Yeah, yeah. Windows XP has it’s flaws. Microsoft doesn’t support it. Everyone says move to Windows 7/10. Security concerns and marketing scare tactics aside, there’s a whole lot of computers and laptops out there with Windows XP still, and here are a few reasons for maintaining such a machine:

  • The computer is a hand-me-down for a family member or kid. Nothing expensive to worry about if it gets damaged. You did pay for this thing, remember? You did purchase software and games for it back in the day, remember? Might as well squeeze out that extra ounce.
  • The computer cannot be upgraded to a newer version of Windows due to hardware requirements. You did pay for this thing, remember? Just because Microsoft doesn’t support it doesn’t mean you need to trash it. The computer still computes.
  • A service technician needs to interface with an old machine (like an office copier or PBX phone system), using an older cable interface such as 9-pin serial, or older software program such as MS-DOS. Sometimes Windows XP is the only solution here.
  • The computer is part of a legacy system or network environment that cannot be replaced without incurring overhead, downtime or fees.

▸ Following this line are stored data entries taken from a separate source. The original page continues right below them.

(* Let $\pi:L_{\mathcal F}\to L_{\mathcal G}$ satisfy (REG). For any fixed, at most countable, family $\{\Gamma(h)\}_{h\ge1}$ of finite partitions of $\Omega$ into $\mathcal G$-measurable sets, any $X\in L_{\mathcal F}$ and any $Q\in L^*_{\mathcal F}\cap\mathcal P$, there exists a sequence $(\xi^Q_m)_{m\ge1}\subseteq L_{\mathcal F}$ such that $E_Q[\xi^Q_m\mid\mathcal G]\ge_Q E_Q[X\mid\mathcal G]$ for all $m\ge1$, $\pi(\xi^Q_m)\downarrow K(X,Q)$ as $m\uparrow\infty$, and for all $h$, $\pi^{\Gamma(h)}(\xi^Q_m)\downarrow K^{\Gamma(h)}(X,Q)$ as $m\uparrow\infty$.
   Context: Let $(\Omega,\mathcal F,\mathbb P)$ be a probability space and $\mathcal G\subseteq\mathcal F$ a sub-$\sigma$-algebra. (In)equalities hold $\mathbb P$-a.s. unless a measure is indicated ($\ge_Q$: $Q$-a.s.); $\inf$ is the $\mathbb P$-essential infimum. $L_{\mathcal F}\subseteq L^0(\Omega,\mathcal F,\mathbb P)$, $L_{\mathcal G}\subseteq L^0(\Omega,\mathcal G,\mathbb P)$ are vector lattices closed under multiplication by indicators of $\mathcal F$- (resp. $\mathcal G$-) measurable sets; the order continuous dual $L^*_{\mathcal F}$ of $(L_{\mathcal F},\ge)$ is a lattice contained in $L^1(\Omega,\mathcal F,\mathbb P)$ (functionals $X\mapsto E_{\mathbb P}[ZX]$), closed under multiplication by indicators of sets in $\mathcal F$. $\mathcal P$ = densities of probabilities $Q\ll\mathbb P$. (REG): $\pi(X\mathbf 1_A+Y\mathbf 1_{A^c})=\pi(X)\mathbf 1_A+\pi(Y)\mathbf 1_{A^c}$ for $A\in\mathcal G$. $K(X,Q):=\inf_{\xi\in L_{\mathcal F}}\{\pi(\xi)\mid E_Q[\xi\mid\mathcal G]\ge_Q E_Q[X\mid\mathcal G]\}$. For $A\in\mathcal G$, $\pi_A(X):=\operatorname{ess\,sup}_{\omega\in A}\pi(X)(\omega)$; for a finite $\mathcal G$-measurable partition $\Gamma$, $\pi^\Gamma(X):=\sum_{A\in\Gamma}\pi_A(X)\mathbf 1_A$ and $K^\Gamma(X,Q):=\inf_{\xi\in L_{\mathcal F}}\{\pi^\Gamma(\xi)\mid E_Q[\xi\mid\mathcal G]\ge_Q E_Q[X\mid\mathcal G]\}$. *)

theory Defs
  imports "HOL-Probability.Probability"
begin

text \<open>A vector lattice of (representatives of) random variables that are N-measurable,
  closed under multiplication by indicators of N-measurable sets, and closed under
  P-a.s. equality (so that it is really a set of equivalence classes of L0).\<close>
definition rv_lattice :: "'a measure \<Rightarrow> 'a measure \<Rightarrow> ('a \<Rightarrow> real) set \<Rightarrow> bool" where
  "rv_lattice P N L \<longleftrightarrow>
     L \<subseteq> borel_measurable N \<and>
     (\<lambda>x. 0) \<in> L \<and>
     (\<forall>X\<in>L. \<forall>Y\<in>L. (\<lambda>x. X x + Y x) \<in> L) \<and>
     (\<forall>X\<in>L. \<forall>c::real. (\<lambda>x. c * X x) \<in> L) \<and>
     (\<forall>X\<in>L. \<forall>Y\<in>L. (\<lambda>x. max (X x) (Y x)) \<in> L) \<and>
     (\<forall>X\<in>L. \<forall>A\<in>sets N. (\<lambda>x. indicator A x * X x) \<in> L) \<and>
     (\<forall>X\<in>L. \<forall>Y\<in>borel_measurable N. (AE x in P. X x = Y x) \<longrightarrow> Y \<in> L)"

text \<open>Densities of probability measures Q absolutely continuous w.r.t. P.\<close>
definition prob_densities :: "'a measure \<Rightarrow> ('a \<Rightarrow> real) set" where
  "prob_densities P = {Z. Z \<in> borel_measurable P \<and> (AE x in P. 0 \<le> Z x) \<and> integral\<^sup>L P Z = 1}"

definition dens_meas :: "'a measure \<Rightarrow> ('a \<Rightarrow> real) \<Rightarrow> 'a measure" where
  "dens_meas P Z = density P (\<lambda>x. ennreal (Z x))"

definition is_ess_inf :: "'a measure \<Rightarrow> 'a measure \<Rightarrow> ('a \<Rightarrow> ereal) set \<Rightarrow> ('a \<Rightarrow> ereal) \<Rightarrow> bool" where
  "is_ess_inf P N S Y \<longleftrightarrow>
     Y \<in> borel_measurable N \<and>
     (\<forall>f\<in>S. AE x in P. Y x \<le> f x) \<and>
     (\<forall>Y'\<in>borel_measurable N. (\<forall>f\<in>S. AE x in P. Y' x \<le> f x) \<longrightarrow> (AE x in P. Y' x \<le> Y x))"

definition ess_inf_fam :: "'a measure \<Rightarrow> 'a measure \<Rightarrow> ('a \<Rightarrow> ereal) set \<Rightarrow> ('a \<Rightarrow> ereal)" where
  "ess_inf_fam P N S = (SOME Y. is_ess_inf P N S Y)"

definition admissible :: "'a measure \<Rightarrow> 'a measure \<Rightarrow> ('a \<Rightarrow> real) set \<Rightarrow> ('a \<Rightarrow> real)
    \<Rightarrow> ('a \<Rightarrow> real) \<Rightarrow> ('a \<Rightarrow> real) \<Rightarrow> bool" where
  "admissible P G LF X Z \<xi> \<longleftrightarrow> \<xi> \<in> LF \<and>
     (AE x in dens_meas P Z. real_cond_exp (dens_meas P Z) G \<xi> x \<ge> real_cond_exp (dens_meas P Z) G X x)"

definition Kfun :: "'a measure \<Rightarrow> 'a measure \<Rightarrow> ('a \<Rightarrow> real) set \<Rightarrow> (('a \<Rightarrow> real) \<Rightarrow> ('a \<Rightarrow> real))
    \<Rightarrow> ('a \<Rightarrow> real) \<Rightarrow> ('a \<Rightarrow> real) \<Rightarrow> ('a \<Rightarrow> ereal)" where
  "Kfun P G LF \<pi> X Z = ess_inf_fam P G {(\<lambda>x. ereal (\<pi> \<xi> x)) | \<xi>. admissible P G LF X Z \<xi>}"

definition pi_on :: "'a measure \<Rightarrow> (('a \<Rightarrow> real) \<Rightarrow> ('a \<Rightarrow> real)) \<Rightarrow> 'a set \<Rightarrow> ('a \<Rightarrow> real) \<Rightarrow> ereal" where
  "pi_on P \<pi> A X = Inf {z::ereal. AE x in P. x \<in> A \<longrightarrow> ereal (\<pi> X x) \<le> z}"

definition pi_part :: "'a measure \<Rightarrow> (('a \<Rightarrow> real) \<Rightarrow> ('a \<Rightarrow> real)) \<Rightarrow> 'a set set \<Rightarrow> ('a \<Rightarrow> real) \<Rightarrow> ('a \<Rightarrow> ereal)" where
  "pi_part P \<pi> \<Gamma> X = (\<lambda>x. \<Sum>A\<in>\<Gamma>. if x \<in> A then pi_on P \<pi> A X else 0)"

definition Kpart :: "'a measure \<Rightarrow> 'a measure \<Rightarrow> ('a \<Rightarrow> real) set \<Rightarrow> (('a \<Rightarrow> real) \<Rightarrow> ('a \<Rightarrow> real))
    \<Rightarrow> 'a set set \<Rightarrow> ('a \<Rightarrow> real) \<Rightarrow> ('a \<Rightarrow> real) \<Rightarrow> ('a \<Rightarrow> ereal)" where
  "Kpart P G LF \<pi> \<Gamma> X Z = ess_inf_fam P G {pi_part P \<pi> \<Gamma> \<xi> | \<xi>. admissible P G LF X Z \<xi>}"

definition finite_G_partition :: "'a measure \<Rightarrow> 'a set set \<Rightarrow> bool" where
  "finite_G_partition G \<Gamma> \<longleftrightarrow> finite \<Gamma> \<and> \<Gamma> \<subseteq> sets G \<and> \<Union>\<Gamma> = space G \<and>
     (\<forall>A\<in>\<Gamma>. \<forall>B\<in>\<Gamma>. A \<noteq> B \<longrightarrow> A \<inter> B = {})"

end

theory Submission
  imports Defs
begin

text \<open>Pasting two admissible positions along the \<open>G\<close>-measurable set where the first is
  cheaper keeps the conditional constraint (\<open>G\<close>-indicators factor out of \<open>E_Q[\<cdot> | G]\<close>) and,
  by (REG), prices the pasted position at the pointwise minimum; so the admissible family is
  downward directed under \<open>\<pi>\<close>. For a downward directed family the essential infimum of
  \<open>\<pi>\<close> is a countable infimum (compare the bounded integrals of \<open>arctan \<circ> \<pi>\<close>), and each
  infimum of \<open>\<pi>_A\<close> over the family is a countable infimum of extended reals. As there are only
  countably many blocks \<open>A\<close> in all the partitions \<open>\<Gamma>(h)\<close>, all these minimizing sequences
  together form a countable admissible family, and pasting its members successively yields one
  sequence along which \<open>\<pi>\<close> decreases to \<open>K\<close> and, since \<open>\<pi>^\<Gamma>\<close> equals \<open>\<pi>_A\<close> on each
  block \<open>A\<close>, every \<open>\<pi>^\<Gamma>(h)\<close> decreases to \<open>K^\<Gamma>(h)\<close>.\<close>

lemma is_ess_inf_unique:
  assumes "is_ess_inf P N S Y1" and "is_ess_inf P N S Y2"
  shows "AE x in P. Y1 x = Y2 x"
proof -
  have "AE x in P. Y1 x \<le> Y2 x" and "AE x in P. Y2 x \<le> Y1 x"
    using assms unfolding is_ess_inf_def by blast+
  then show ?thesis by eventually_elim simp
qed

Chain restaurants like Subway may still use Windows XP for taking orders. These are typically disk imaged to make fast deployment and repair possible, working as a turnkey restaurant solution.
  • You want to run a virtual machine (VM) with a licensed copy of Windows for whatever reason.
  • You’re a cheapskate and thought it was a good idea to buy a computer w/ original media on eBay or at a pawn shop for $50. I won’t say that was a good idea, but you may still be in luck.
  • The computer is kept around for preference, nostalgia or cyberpunk/cypherpunk reasons. If it ain’t broke don’t fix it!

For these reasons it is a good idea to always save your Windows XP disc and serial number. These are things you paid money for, and there is no way to recover them if lost. Another important thing to save is the driver disc, because as these computers get old it becomes more difficult to find the drivers online.

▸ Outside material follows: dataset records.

(* Let $K$ be an infinite field, let $n\geq 1$, and let $f(x_1,\dots,x_n)=\sum_{\sigma\in S_n}\alpha_\sigma x_{\sigma(1)}\cdots x_{\sigma(n)}$, with $\alpha_\sigma\in K$, be a multilinear polynomial of degree $n$ in noncommuting variables. Let $UT_3=UT_3(K)$ be the algebra of $3\times 3$ upper triangular matrices over $K$, and let $\mathrm{Im}(f)=\{f(a_1,\dots,a_n): a_1,\dots,a_n\in UT_3\}$. Then $\mathrm{Im}(f)$ is equal to one of the following four sets: $UT_3$, $J$, $J^2$, or $\{0\}$.
   Context: $J=J(UT_3)$ denotes the Jacobson radical of $UT_3$, i.e., the set of strictly upper triangular $3\times 3$ matrices over $K$ (matrices whose entries $(i,j)$ are zero whenever $i\geq j$). $J^2$ is the square of $J$, i.e., the set of $3\times 3$ matrices over $K$ whose only possibly nonzero entry is the $(1,3)$ entry. *)

theory Defs
  imports "HOL-Analysis.Analysis"
begin

text \<open>3x3 matrices over K are 'a^3^3, rows/columns indexed by the type 3 = {0,1,2}
  (ordered 0 < 1 < 2).\<close>

definition UT3 :: "(('a::field)^3^3) set" where
  "UT3 = {A. \<forall>i j. j < i \<longrightarrow> A $ i $ j = 0}"

definition J3 :: "(('a::field)^3^3) set" where
  "J3 = {A. \<forall>i j. j \<le> i \<longrightarrow> A $ i $ j = 0}"

definition J3sq :: "(('a::field)^3^3) set" where
  "J3sq = {A. \<forall>i j. (i, j) \<noteq> (0, 2) \<longrightarrow> A $ i $ j = 0}"

definition msmult :: "'a::field \<Rightarrow> 'a^3^3 \<Rightarrow> 'a^3^3" where
  "msmult c A = (\<chi> i j. c * A $ i $ j)"

text \<open>Evaluation of f(x_1,...,x_n) = sum over sigma in S_n of
  alpha sigma * x_{sigma 1} ... x_{sigma n} at x_i = a i.\<close>
definition multilin_eval :: "nat \<Rightarrow> ((nat \<Rightarrow> nat) \<Rightarrow> 'a::field) \<Rightarrow> (nat \<Rightarrow> 'a^3^3) \<Rightarrow> 'a^3^3" where
  "multilin_eval n \<alpha> a =
     (\<Sum>\<sigma>\<in>{\<sigma>. \<sigma> permutes {1..n}}.
        msmult (\<alpha> \<sigma>) (foldr (\<lambda>k M. a (\<sigma> k) ** M) [1..<n+1] (mat 1)))"

definition multilin_image :: "nat \<Rightarrow> ((nat \<Rightarrow> nat) \<Rightarrow> 'a::field) \<Rightarrow> ('a^3^3) set" where
  "multilin_image n \<alpha> = {multilin_eval n \<alpha> a | a. \<forall>i\<in>{1..n}. a i \<in> UT3}"

end

theory Submission
  imports Defs "HOL-Computational_Algebra.Polynomial"
begin

(*
  Let s be the sum of all \<alpha> \<sigma>. The diagonal of f(a) is s times the product of the diagonals
  of the a l, so if s \<noteq> 0 then f(X/s, 1, ..., 1) = X gives all of UT3, and otherwise Im f \<subseteq> J.

  Expanding products of upper triangular matrices, the entry (p, q) of f(a) is
    \<Sum> c(m, B) * (\<Prod>l\<in>B. a l $p$p) * a m $p$q * (\<Prod>l\<notin>B \<union> {m}. a l $q$q),
  where c(m, B) sums the \<alpha> \<sigma> for which exactly the variables in B precede x_m. This holds for
  the adjacent entries (0,1), (1,2) in general, and for every entry when all a l except a m
  are diagonal. If all c(m, B) vanish, Im f lies in J^2 and is closed under scalars, so it is
  J^2 or {0}. If c(m, T) \<noteq> 0, take a l = diag(t^2, t, 1) for l \<in> T and diag(1, t, t^2) for the
  other l \<noteq> m: then entry (p, q) for p < q is P_pq(t) * a m $p$q, where the top exponent of
  the polynomial P_pq is reached only by B = T, so P_pq \<noteq> 0. As K is infinite, some t is a
  root of none of the P_pq, and solving for the strictly upper triangular a m gives J \<subseteq> Im f.
*)

lemma exhaust_3_0: "(i::3) = 0 \<or> i = 1 \<or> i = 2"
  using exhaust_3[of i] by auto

lemma forall_3_0: "(\<forall>i::3. P i) \<longleftrightarrow> P 0 \<and> P 1 \<and> P 2"
  by (metis exhaust_3_0)

lemma less_3_iff: "(i::3) < j \<longleftrightarrow> i = 0 \<and> j = 1 \<or> i = 1 \<and> j = 2 \<or> i = 0 \<and> j = 2"
proof -
  have "(0::3) < 1" "(1::3) < 2" "(0::3) < 2" "\<not> (1::3) < 0" "\<not> (2::3) < 0" "\<not> (2::3) < 1"
    by (simp_all add: less_bit1_def bit1.Rep_0 bit1.Rep_1 bit1.Rep_numeral)
  then show ?thesis
    using exhaust_3_0[of i] exhaust_3_0[of j] by (elim disjE) simp_all
qed

lemma matrix_mult_3_entry:
  "((A::'a::semiring_1^3^3) ** B)$i$j = A$i$0 * B$0$j + A$i$1 * B$1$j + A$i$2 * B$2$j"
proof -
  have three: "(3::3) = 0" by simp
  show ?thesis unfolding matrix_matrix_mult_def sum_3 three by (simp add: algebra_simps)
qed

lemma UT3_iff: "A \<in> UT3 \<longleftrightarrow> A$1$0 = 0 \<and> A$2$0 = 0 \<and> A$2$1 = 0"
  unfolding UT3_def by (auto simp: forall_3_0 less_3_iff)

lemma J3_iff: "A \<in> J3 \<longleftrightarrow> A \<in> UT3 \<and> A$0$0 = 0 \<and> A$1$1 = 0 \<and> A$2$2 = 0"
  unfolding J3_def UT3_iff by (auto simp: forall_3_0 le_less less_3_iff)

lemma J3sq_iff: "A \<in> J3sq \<longleftrightarrow> A \<in> J3 \<and> A$0$1 = 0 \<and> A$1$2 = 0"
  unfolding J3sq_def J3_iff UT3_iff by (auto simp: forall_3_0)

lemma J3_eqI:
  assumes "A \<in> J3" "B \<in> J3" "A$0$1 = B$0$1" "A$1$2 = B$1$2" "A$0$2 = B$0$2"
  shows "A = B"
  using assms by (simp add: J3_iff UT3_iff vec_eq_iff forall_3_0)

lemma mat_1_UT3: "mat 1 \<in> UT3"
  by (simp add: UT3_iff mat_def)

lemma matrix_mult_UT3: "A \<in> UT3 \<Longrightarrow> B \<in> UT3 \<Longrightarrow> A ** B \<in> UT3"
  by (simp add: UT3_iff matrix_mult_3_entry)

lemma msmult_UT3: "A \<in> UT3 \<Longrightarrow> msmult c A \<in> UT3"
  by (simp add: UT3_iff msmult_def)

lemma UT3_mult_diag_entry: "A \<in> UT3 \<Longrightarrow> B \<in> UT3 \<Longrightarrow> (A ** B)$i$i = A$i$i * B$i$i"
  using exhaust_3_0[of i] by (auto simp: UT3_iff matrix_mult_3_entry)

lemma UT3_mult_adjacent_entry:
  "(p, q) \<in> {(0, 1), (1, 2)} \<Longrightarrow> A \<in> UT3 \<Longrightarrow> B \<in> UT3 \<Longrightarrow>
    (A ** B)$p$q = A$p$p * B$p$q + A$p$q * B$q$q"
  by (auto simp: UT3_iff matrix_mult_3_entry)

lemma msmult_matrix_mult_left: "msmult c A ** B = msmult c (A ** B)"
  by (simp add: vec_eq_iff msmult_def matrix_matrix_mult_def sum_distrib_left mult.assoc)

lemma msmult_matrix_mult_right: "A ** msmult c B = msmult c (A ** B)"
  by (simp add: vec_eq_iff msmult_def matrix_matrix_mult_def sum_distrib_left algebra_simps)

definition diagonal_matrix :: "'a::zero^'n^'n \<Rightarrow> bool" where
  "diagonal_matrix A \<longleftrightarrow> (\<forall>i j. i \<noteq> j \<longrightarrow> A$i$j = 0)"

lemma diagonal_matrix_mult_left:
  fixes D A :: "'a::semiring_1^'n^'n"
  assumes "diagonal_matrix D"
  shows "(D ** A)$i$j = D$i$i * A$i$j"
proof -
  have "(D ** A)$i$j = (\<Sum>k\<in>UNIV. D$i$k * A$k$j)"
    by (simp add: matrix_matrix_mult_def)
  also have "\<dots> = (\<Sum>k\<in>UNIV. if k = i then D$i$i * A$i$j else 0)"
    using assms by (intro sum.cong) (auto simp: diagonal_matrix_def)
  finally show ?thesis by simp
qed

lemma diagonal_matrix_mult_right:
  fixes D A :: "'a::semiring_1^'n^'n"
  assumes "diagonal_matrix D"
  shows "(A ** D)$i$j = A$i$j * D$j$j"
proof -
  have "(A ** D)$i$j = (\<Sum>k\<in>UNIV. A$i$k * D$k$j)"
    by (simp add: matrix_matrix_mult_def)
  also have "\<dots> = (\<Sum>k\<in>UNIV. if k = j then A$i$j * D$j$j else 0)"
    using assms by (intro sum.cong) (auto simp: diagonal_matrix_def)
  finally show ?thesis by simp
qed

lemma diagonal_matrix_mat_1: "diagonal_matrix (mat 1)"
  by (simp add: diagonal_matrix_def mat_def)

lemma diagonal_matrix_mult:
  "diagonal_matrix A \<Longrightarrow> diagonal_matrix B \<Longrightarrow> diagonal_matrix (A ** B)"
  by (simp add: diagonal_matrix_def diagonal_matrix_mult_left)

lemma diagonal_matrix_UT3: "diagonal_matrix A \<Longrightarrow> A \<in> UT3"
  by (simp add: diagonal_matrix_def UT3_iff)

definition monomial_eval :: "(nat \<Rightarrow> 'a::field^3^3) \<Rightarrow> nat list \<Rightarrow> 'a^3^3" where
  "monomial_eval a xs = foldr (\<lambda>l M. a l ** M) xs (mat 1)"

lemma monomial_eval_Nil [simp]: "monomial_eval a [] = mat 1"
  and monomial_eval_Cons [simp]: "monomial_eval a (x # xs) = a x ** monomial_eval a xs"
  by (simp_all add: monomial_eval_def)

lemma monomial_eval_append: "monomial_eval a (xs @ ys) = monomial_eval a xs ** monomial_eval a ys"
  by (induction xs) (simp_all add: matrix_mul_lid matrix_mul_assoc)

lemma monomial_eval_cong:
  "(\<And>l. l \<in> set xs \<Longrightarrow> a l = b l) \<Longrightarrow> monomial_eval a xs = monomial_eval b xs"
  by (induction xs) simp_all

lemma monomial_eval_mat_1: "monomial_eval (\<lambda>_. mat 1) xs = mat 1"
  by (induction xs) (simp_all add: matrix_mul_lid)

lemma monomial_eval_update:
  assumes "i \<notin> set us" "i \<notin> set vs"
  shows "monomial_eval (a(i := X)) (us @ i # vs) = monomial_eval a us ** X ** monomial_eval a vs"
proof -
  have "monomial_eval (a(i := X)) us = monomial_eval a us"
    "monomial_eval (a(i := X)) vs = monomial_eval a vs"
    using assms by (auto intro: monomial_eval_cong)
  then show ?thesis by (simp add: monomial_eval_append matrix_mul_assoc)
qed

lemma monomial_eval_UT3: "\<forall>l\<in>set xs. a l \<in> UT3 \<Longrightarrow> monomial_eval a xs \<in> UT3"
  by (induction xs) (simp_all add: mat_1_UT3 matrix_mult_UT3)

lemma monomial_eval_diagonal_matrix:
  "\<forall>l\<in>set xs. diagonal_matrix (a l) \<Longrightarrow> diagonal_matrix (monomial_eval a xs)"
  by (induction xs) (simp_all add: diagonal_matrix_mat_1 diagonal_matrix_mult)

Now let’s walk through the steps necessary to get this antique operating system up and running.

Warning, Do Not Ignore This Warning

Whenever you obtain a computer from a third party, you need to understand there is a chance that it already has malware/spyware on it, just waiting to snag your credit card numbers. Your best bet is to format the hard drive and reinstall Windows XP, but if you can’t do that, you will definitely want to run at least 3 different virus/malware scanners before using it. And it might be a good idea not to use it for critical stuff like banking.

And like I said earlier, Windows XP is no longer supported by Microsoft which means they won’t patch any security problems and you could be a sitting duck for some kind of remote exploit. Good antivirus software and firewall can help mitigate these issues, but you must understand that using an OS which is no longer supported is not recommended. Do so at your own risk.

You could always use the computer without an internet connection, then there would be practically nothing to worry about. But you must still be careful with removable media like USB thumb drives and external drives which can spread malware from one device to another – even without internet. Consider this scenario – your Windows XP computer has a virus you are unaware of, you plug in a thumb drive, the virus gets on the thumb drive, then you give the thumb drive to a friend or you plug it into your other computer (which does have internet). Woops!

Final word of warning – scan every file you download for viruses/malware, including the ones I’ve linked in this article.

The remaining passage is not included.